(Saved data entries)
────

lemma a0coef_a1coef_eq:
  fixes k v :: "real list" and d \<epsilon> :: real
  defines "w \<equiv> \<lambda>i. k ! i + \<epsilon> * v ! i"
  assumes "length k \<ge> 2" "d > 0" "\<forall>i<length k. w i > 0"
  shows "a0coef k v d \<epsilon> = d / (\<Prod>i<length k. w i)"
    and "a1coef k v d \<epsilon> = a0coef k v d \<epsilon> * ((\<Sum>i<length k. w i) - d) / 2"
proof -
  let ?N = "length k"
  let ?H = "\<lambda>s. hilb k v d \<epsilon> (exp (- s))"
  define A where "A = d / (\<Prod>i<?N. w i)"
  define G where "G s = exp_ratio d s / (\<Prod>i<?N. exp_ratio (w i) s)" for s
  have G: "unit_expansion G (- d / 2 - (\<Sum>i<?N. - w i / 2))"
    unfolding G_def using assms(3,4)
    by (intro unit_expansion_divide unit_expansion_prod unit_expansion_exp_ratio) auto
  have scaled: "\<forall>\<^sub>F s in at_right 0. s ^ (?N - 1) * ?H s = A * G s"
    using eventually_at_right_less[of 0]
    by eventually_elim (use hilb_exp_minus[where k = k and v = v and d = d and \<epsilon> = \<epsilon>] assms in \<open>simp add: A_def G_def w_def\<close>)
  have "((\<lambda>s. A * G s) \<longlongrightarrow> A * 1) (at_right 0)"
    using unit_expansion_tendsto[OF G] by (intro tendsto_intros)
  then have "((\<lambda>s. s ^ (?N - 1) * ?H s) \<longlongrightarrow> A) (at_right 0)"
    using scaled by (simp add: tendsto_cong)
  then show a0: "a0coef k v d \<epsilon> = A"
    unfolding a0coef_def dimn_def by (intro tendsto_Lim) auto
  have "\<forall>\<^sub>F s in at_right 0.
      s ^ (dimn k - 1) * (?H s - a0coef k v d \<epsilon> / s ^ dimn k) = A * ((G s - 1) / s)"
    using eventually_at_right_less[of 0] scaled
  proof eventually_elim
    case (elim s)
    have "?N - 1 = Suc (?N - 2)"
      using assms(2) by linarith
    then have "s ^ (?N - 1) = s ^ (?N - 2) * s"
      by (simp only: power_Suc2)
    with elim show ?case
      by (simp add: a0 dimn_def field_simps numeral_2_eq_2)
  qed
  moreover have "((\<lambda>s. A * ((G s - 1) / s)) \<longlongrightarrow> A * (- d / 2 - (\<Sum>i<?N. - w i / 2))) (at_right 0)"
    using G unfolding unit_expansion_def by (intro tendsto_intros)
  ultimately have "a1coef k v d \<epsilon> = A * (- d / 2 - (\<Sum>i<?N. - w i / 2))"
    unfolding a1coef_def by (intro tendsto_Lim) (auto simp: tendsto_cong)
  also have "\<dots> = a0coef k v d \<epsilon> * ((\<Sum>i<?N. w i) - d) / 2"
    by (simp add: a0 sum_negf sum_divide_distrib[symmetric] field_simps)
  finally show "a1coef k v d \<epsilon> = a0coef k v d \<epsilon> * ((\<Sum>i<?N. w i) - d) / 2" .
qed

lemma a0coef_pos:
  assumes "length k \<ge> 2" "d > 0" "\<forall>i<length k. k ! i + \<epsilon> * v ! i > 0"
  shows "a0coef k v d \<epsilon> > 0"
  unfolding a0coef_a1coef_eq(1)[OF assms] using assms(2,3) by (auto intro!: divide_pos_pos prod_pos)

definition unit_charge :: "nat \<Rightarrow> nat \<Rightarrow> real list" where
  "unit_charge N j = (replicate N 0)[j := 1]"

lemma unit_charge_nth: "i < N \<Longrightarrow> unit_charge N j ! i = (if i = j then 1 else 0)"
  by (simp add: unit_charge_def nth_list_update)

lemma a0coef_a1coef_unit_charge:
  fixes k :: "real list" and j :: nat and d \<epsilon> :: real
  defines "e \<equiv> unit_charge (length k) j"
  assumes "length k \<ge> 2" "d > 0" "j < length k" "\<forall>i<length k. k ! i > 0" "k ! j + \<epsilon> > 0"
  shows "a0coef k e d \<epsilon> = a0coef k e d 0 * k ! j / (k ! j + \<epsilon>)"
    and "a1coef k e d \<epsilon> = a0coef k e d \<epsilon> * ((\<Sum>i<length k. k ! i) - d + \<epsilon>) / 2"
proof -
  let ?N = "length k"
  let ?R = "\<Prod>i\<in>{..<?N} - {j}. k ! i"
  have weight: "k ! i + x * e ! i = (if i = j then k ! j + x else k ! i)" if "i < ?N" for i x
    using that by (simp add: e_def unit_charge_nth)
  have pos: "\<forall>i<?N. k ! i + x * e ! i > 0" if "k ! j + x > 0" for x
    using that assms(5) by (simp add: weight)
  have "(\<Prod>i<?N. k ! i + x * e ! i) = (k ! j + x) * ?R" for x
  proof -
    have "(\<Prod>i<?N. k ! i + x * e ! i) = (\<Prod>i<?N. if i = j then k ! j + x else k ! i)"
      by (intro prod.cong refl) (simp add: weight)
    also have "\<dots> = (k ! j + x) * ?R"
      using assms(4) by (simp add: prod.remove[of _ j] cong: prod.cong_simp)
    finally show ?thesis .
  qed
  then have a0: "a0coef k e d x = d / ((k ! j + x) * ?R)" if "k ! j + x > 0" for x
    using a0coef_a1coef_eq(1)[OF assms(2,3) pos[OF that]] by simp
  have "?R > 0"
    using assms(5) by (intro prod_pos) auto
  moreover have "k ! j > 0"
    using assms(4,5) by simp
  ultimately show "a0coef k e d \<epsilon> = a0coef k e d 0 * k ! j / (k ! j + \<epsilon>)"
    using assms(6) by (simp add: a0)
  have "(\<Sum>i<?N. e ! i) = 1"
    using assms(4) by (simp add: e_def unit_charge_nth cong: sum.cong_simp)
  then have "(\<Sum>i<?N. k ! i + \<epsilon> * e ! i) = (\<Sum>i<?N. k ! i) + \<epsilon>"
    by (simp add: sum.distrib sum_distrib_left[symmetric])
  then show "a1coef k e d \<epsilon> = a0coef k e d \<epsilon> * ((\<Sum>i<?N. k ! i) - d + \<epsilon>) / 2"
    using a0coef_a1coef_eq(2)[OF assms(2,3) pos[OF assms(6)]] by simp
qed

────

### Exercise requirements
Your reply should be a verbatim retyping of the lines from the one that holds "using assms(4) by (simp add: prod.remove[of" through the last line of the entries.

### Your solution
      using assms(4) by (simp add: prod.remove[of _ j] cong: prod.cong_simp)
    finally show ?thesis .
  qed
  then have a0: "a0coef k e d x = d / ((k ! j + x) * ?R)" if "k ! j + x > 0" for x
    using a0coef_a1coef_eq(1)[OF assms(2,3) pos[OF that]] by simp
  have "?R > 0"
    using assms(5) by (intro prod_pos) auto
  moreover have "k ! j > 0"
    using assms(4,5) by simp
  ultimately show "a0coef k e d \<epsilon> = a0coef k e d 0 * k ! j / (k ! j + \<epsilon>)"
    using assms(6) by (simp add: a0)
  have "(\<Sum>i<?N. e ! i) = 1"
    using assms(4) by (simp add: e_def unit_charge_nth cong: sum.cong_simp)
  then have "(\<Sum>i<?N. k ! i + \<epsilon> * e ! i) = (\<Sum>i<?N. k ! i) + \<epsilon>"
    by (simp add: sum.distrib sum_distrib_left[symmetric])
  then show "a1coef k e d \<epsilon> = a0coef k e d \<epsilon> * ((\<Sum>i<?N. k ! i) - d + \<epsilon>) / 2"
    using a0coef_a1coef_eq(2)[OF assms(2,3) pos[OF assms(6)]] by simp
qed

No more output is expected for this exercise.